The consensus narrative of 2010 has thus far been: Americans of every political persuasion are unimpressed with the first two years of Obama's administration. Progressives feel that the President has failed to deliver on the promises of his campaign. Conservatives are convinced that the country is on the bullet-train to Soviet hell. Moderates have, by all appearances, vanished from the political landscape. The consequence of the left's disillusionment and the right's white-hot ire (and it is very white) is that the Republicans will reclaim control of the House and, perhaps, the Senate.
Of course, as history suggests, this familiar tune may have a surprise coda. The past couple of weeks have produced more "October Surprises" than a pumpkin patch laden with landmines. NPR arguably served conservatives their own Shirley Sherrod when they fired Juan Williams. Alaska Tea Partier Joe Miller is quickly slipping off the ballot, either due to his security detail's brownshirt-style bullying or his apparent inability to grow a proper beard. Meanwhile, Gawker's muckraking exposé on Christine O'Donnell's hypocritical pecadillos has both infuriated the right and disgusted the left, with little time allowed to gauge which way the fallout will gust.
The true terror is that the American left is caught between Scylla - a Republican Congress that will attempt to roll back over a century of social progress - and Charybdis - armed revolt by reactionaries who confuse an electoral setback with tyranny. Beyond any American election in the modern era, right-wing violence has move beyond the rhetorical to the literal, including voter intimidation and physical assaults upon journalists and private citizens. Several Republican candidates have even advocated armed insurrection against the federal government if the election does not tilt in their favour. This more than anything should motivate moderates and progressives alike to pursue their primary legal protection against subjugation: to vote.
Democracy is nothing if not imperfect, as it swaps more stratified forms of tyranny with that of the majority. The fundamental mistake the Democratic Party has made is to believe that they can control a two-party system by compromising with their opponents instead of winning their active support. Obviously, not everyone will be satisfied with a single party's platform, but the Republican's success stems from their talent at convincing people whose lives Republicans are actively destroying that the Grand Ol' Party represents their interests. So what is their secret?

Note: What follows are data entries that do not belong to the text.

lemma stabilising_perm_image:
  assumes "\<forall>x\<in>X. \<forall>j\<in>I. k j * x j = x (\<sigma> j)" "\<sigma> permutes I" "\<forall>j\<in>I. k j \<in> K"
  shows "\<sigma> ` I0 = I0" and "\<forall>b\<in>blocks. \<sigma> ` b = b"
proof -
  have inj: "inj_on \<sigma> A" for A using permutes_inj_on[OF assms(2)] .
  show "\<sigma> ` I0 = I0"
    using stabilising_perm_I0[OF assms(1,2)] finite_I0 inj by (intro endo_inj_surj) auto
  show "\<forall>b\<in>blocks. \<sigma> ` b = b"
  proof
    fix b assume "b \<in> blocks"
    then obtain i where "b = block i" unfolding blocks_def by blast
    moreover have "\<sigma> j \<in> block i" if "j \<in> block i" for j
      using that stabilising_perm_block[OF assms] block_eq block_subset
      unfolding block_def by blast
    moreover have "finite (block i)" using finite_I finite_subset[OF block_subset] by blast
    ultimately show "\<sigma> ` b = b" using inj by (intro endo_inj_surj) auto
  qed
qed

lemma Stab_decomposition:
  assumes "g \<in> Stab"
  obtains \<sigma>0 k0 \<sigma>1 where "g = mmult I (monm I \<sigma>0 k0) (conj_perm \<sigma>1)"
    and "\<sigma>0 permutes I0" "\<forall>j\<in>I. k0 j \<in> K" "\<forall>j\<in>I - I0. k0 j = 1"
    and "\<sigma>1 permutes I - I0" "\<forall>b\<in>blocks. \<sigma>1 ` b = b"
proof -
  obtain \<sigma> k where g: "g = monm I \<sigma> k" "\<sigma> permutes I" "\<forall>j\<in>I. k j \<in> K"
    using assms unfolding Stab_eq monomial_group_def by blast
  then have stab: "\<forall>x\<in>X. \<forall>j\<in>I. k j * x j = x (\<sigma> j)"
    using assms monm_in_Stab_iff by blast
  have "\<sigma> ` I0 = I0" and blocks_inv: "\<forall>b\<in>blocks. \<sigma> ` b = b"
    using stabilising_perm_image[OF stab g(2,3)] by blast+
  define \<sigma>0 where "\<sigma>0 = restrict_id \<sigma> I0"
  define \<sigma>1 where "\<sigma>1 = restrict_id \<sigma> (I - I0)"
  define k0 where "k0 = (\<lambda>j. if j \<in> I0 then k j else 1)"
  note split = permutes_restrict_id_split[OF g(2) \<open>\<sigma> ` I0 = I0\<close>, folded \<sigma>0_def \<sigma>1_def]
  have "g = mmult I (monm I \<sigma>0 k0) (conj_perm \<sigma>1)"
    unfolding g(1) conj_perm_def mmult_monm[OF finite_I permutes_subset[OF split(2) Diff_subset]]
  proof (rule monm_cong)
    fix j assume "j \<in> I"
    show "\<sigma> j = (\<sigma>0 \<circ> \<sigma>1) j" using split(3) by simp
    show "k j = k0 (\<sigma>1 j) * (dxi (\<sigma>1 j) * inverse (dxi j))"
    proof (cases "j \<in> I0")
      case True
      then show ?thesis by (simp add: \<sigma>1_def k0_def dxi_def)
    next
      case False
      then have "\<sigma> j \<in> I - I0"
        using stabilising_perm_block[OF stab g(2,3), of j] block_subset[of j] \<open>j \<in> I\<close> by blast
      then show ?thesis
        using False \<open>j \<in> I\<close> stabilising_coeff[OF stab g(2,3)] by (simp add: \<sigma>1_def k0_def)
    qed
  qed
  moreover have "\<forall>j\<in>I. k0 j \<in> K" "\<forall>j\<in>I - I0. k0 j = 1"
    using g(3) one_in_K by (simp_all add: k0_def)
  moreover have "\<sigma>1 ` b = b" if b: "b \<in> blocks" for b
  proof -
    have "b \<subseteq> I - I0" using b Union_blocks by blast
    then show ?thesis
      unfolding \<sigma>1_def restrict_id_image_subset[OF \<open>b \<subseteq> I - I0\<close>] using blocks_inv b by blast
  qed
  ultimately show ?thesis using that split(1,2) by blast
qed

lemma left_factor_in_monomial_group:
  assumes "g \<in> Stab" "g = mmult I M (conj_perm \<sigma>1)" "\<sigma>1 permutes I" "M = monm I \<sigma>0 k0"
  shows "M \<in> monomial_group I"
proof -
  have "M = mmult I M (conj_perm (\<sigma>1 \<circ> inv \<sigma>1))"
    using permutes_inv_o(1)[OF assms(3)] conj_perm_id mmult_monm_idm[OF finite_I] assms(4) by simp
  also have "\<dots> = mmult I g (conj_perm (inv \<sigma>1))"
    using assms(2,3) conj_perm_mult[OF assms(3) permutes_inv[OF assms(3)]] mmult_assoc[OF finite_I]
    by simp
  finally show ?thesis
    using assms(1) monomial_group_mult[OF finite_I] conj_perm_in_monomial_group[OF permutes_inv[OF assms(3)]]
    by (simp add: Stab_eq)
qed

Allow me to introduce you to Malcolm Tucker, Director of Communications in the BBC sitcom The Thick of It. As the Prime Minister's enforcer, Tucker is a parliamentary Svengali of such partisan drive and profane thuggery that he makes Rahm Emanuel look like Mr. Rogers. If there's anyone - fictional or otherwise - with the sang froid and killer instinct to produce a desired political effect, it's Tucker. So heed what he said during the British electoral campaign earlier this year:
Frankly, I think you're getting the wrong advice on the debates... Most people are not going to see these Bestivals of bore. After all, with the 478 debate rules in place they're going to have all the drama of three middle-aged guys fencing with limp dicks. The only ones watching are going to be the pointless bastards who already know what they think.Now, substitute a few proper nouns in the above paragraph - swap "the Thameslink" for "Pennsylvania Turnpike", "Thatcher" for "Nixon", and "the NHS" for "Social Security" - and the same is absolutely, unequivocally true for America. Electoral success stands on the shoulders of envious, ill-informed, bored morons who've scarcely been outside their own zip-code, who can't find the next county on a map, who can't distinguish between opinion and fact, and who prefer scapegoats to solutions.
We need to get to the people who only hear the rumours. Bottom feeders who get their views via the quotes from the models in the Daily Star. Van drivers who guard their vast ignorance with concealed Stanley knives. Businessmen who like to expose their self-aggrandising cynicism to schoolgirls on the Thameslink. These dumb motherfuckers are the battlefield. Shitheels. Dunderheads. People who when you talk to them it's like shouting through six pieces of double glazing. Potheads, cider drinkers, kids who don't know who Thatcher was and think the NHS grew on a big fucking NHS tree. Wankers. People who count to 11 using their 10 fingers and their head and still get it wrong. This is who we have to get to via the debates. So we are going to have to shout extremely fucking loud.
Stupid people aren't a political hazard to be mitigated. These dumb motherfuckers are the battlefield.
The brilliant sleight-of-hand that the Republicans have performed is that they've courted a fearful middle class & a devastated working class with snappy slogans, straw-man whipping boys, and provincial snobbery. It's not that the Democrats are short on examples of how Republicans fuck over every American making under a quarter-million per year, but that the Democrats refuse the political potential of angry voters. Ironically, it's the Democrats - not Republicans - who have ignored the real political effects of class resentment, and thus have ceded the power of America's underclass to the worst colporteurs of xenophobia, superstition, paranoia, and hysteria.
The Democratic Party failed to understand that it's better to have knee-jerking mobs shouting with you rather than against you, and they are shouting extremely fucking loud. If the Democrats lose this coming Tuesday, they'll only have themselves to blame for it.